Origination fees should be recognized over the life of the loan as an adjustment of yield

. Certain direct origination costs should be recognized over the life of the loan as a reduction of the yield. Most loan commitment fees should be deferred, except for specified exceptions.

Is it better to pay a rad or DAP?

Loan interest rate DAP + interest on DAP MTCF+ interest on MTCF and RAD $800K $100,041 $105,200

Does the rad count as an asset?


RADs are exempt assets when determining your

Centrelink/DVA entitlements and are not subject to deeming. So paying a RAD can reduce assessable assets and income and may increase your age pension (or other payments).

What is the difference between a RAD and a RAC?


Refundable accommodation contribution

(RAC): This is when the government helps with the costs. Refundable accommodation deposit (RAD): This is when you pay the full amount yourself.

What is meant by cost of acquisition?

The cost of acquisition is

the total expense incurred by a business in acquiring a new client or purchasing an asset

. An accountant will list a company’s cost of acquisition as the total after any discounts are added and any closing costs are deducted.

How is Voba calculated?

A common method for computing VOBA starts with an

actuarial appraisal value2

and adjusts it to a pretax GAAP basis. This approach appears in this practice note as Method 1. If an FVL is available (or can reasonably be determined), VOBA can also be derived by subtracting FVL from the PGAAP liability.

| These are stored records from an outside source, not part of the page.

lemma finite_states: "finite (states S d)"
proof -
  have "states S d = {xs. set xs \<subseteq> insert None (Some ` {1..S}) \<and> length xs = d}"
    unfolding states_def by auto
  then show ?thesis
    by (simp add: finite_lists_length_eq)
qed

lemma clean_states_subset: "clean_states S d \<subseteq> states S d"
  unfolding clean_states_def states_def by auto

lemma length_states: "x \<in> states S d \<Longrightarrow> length x = d"
  unfolding states_def by simp

lemma nth_states_Some:
  assumes "x \<in> states S d" "j < d" "x ! j \<noteq> None"
  obtains a where "a \<in> {1..S}" "x ! j = Some a"
proof -
  have "x ! j \<in> insert None (Some ` {1..S})"
    using assms nth_mem[of j x] unfolding states_def by blast
  then show ?thesis using that assms(3) by blast
qed

lemma nth_clean_states:
  assumes "x \<in> clean_states S d" "j < d"
  obtains a where "a \<in> {1..S}" "x ! j = Some a"
proof -
  have "x ! j \<in> Some ` {1..S}"
    using assms nth_mem[of j x] unfolding clean_states_def by blast
  then show ?thesis using that by blast
qed

lemma update_Some_states:
  assumes "x \<in> states S d" "a \<in> {1..S}"
  shows "x[j := Some a] \<in> states S d"
  using assms set_update_subset_insert[of x j "Some a"] unfolding states_def by auto

lemma update_None_states:
  assumes "x \<in> states S d"
  shows "x[j := None] \<in> states S d"
  using assms set_update_subset_insert[of x j None] unfolding states_def by auto

lemma finite_masked: "finite (masked x)"
  unfolding masked_def by simp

What is deferred commission?

Deferred commissions are

the incremental costs that are directly associated with non-cancelable subscription contracts with customers

and consist of sales commissions paid to the Company’s direct sales force.

Ahmed Ali
Author
Ahmed Ali
Ahmed Ali is a financial analyst with over 15 years of experience in the finance industry. He has worked for major banks and investment firms, and has a wealth of knowledge on investing, real estate, and tax planning. Ahmed is also an advocate for financial literacy and education.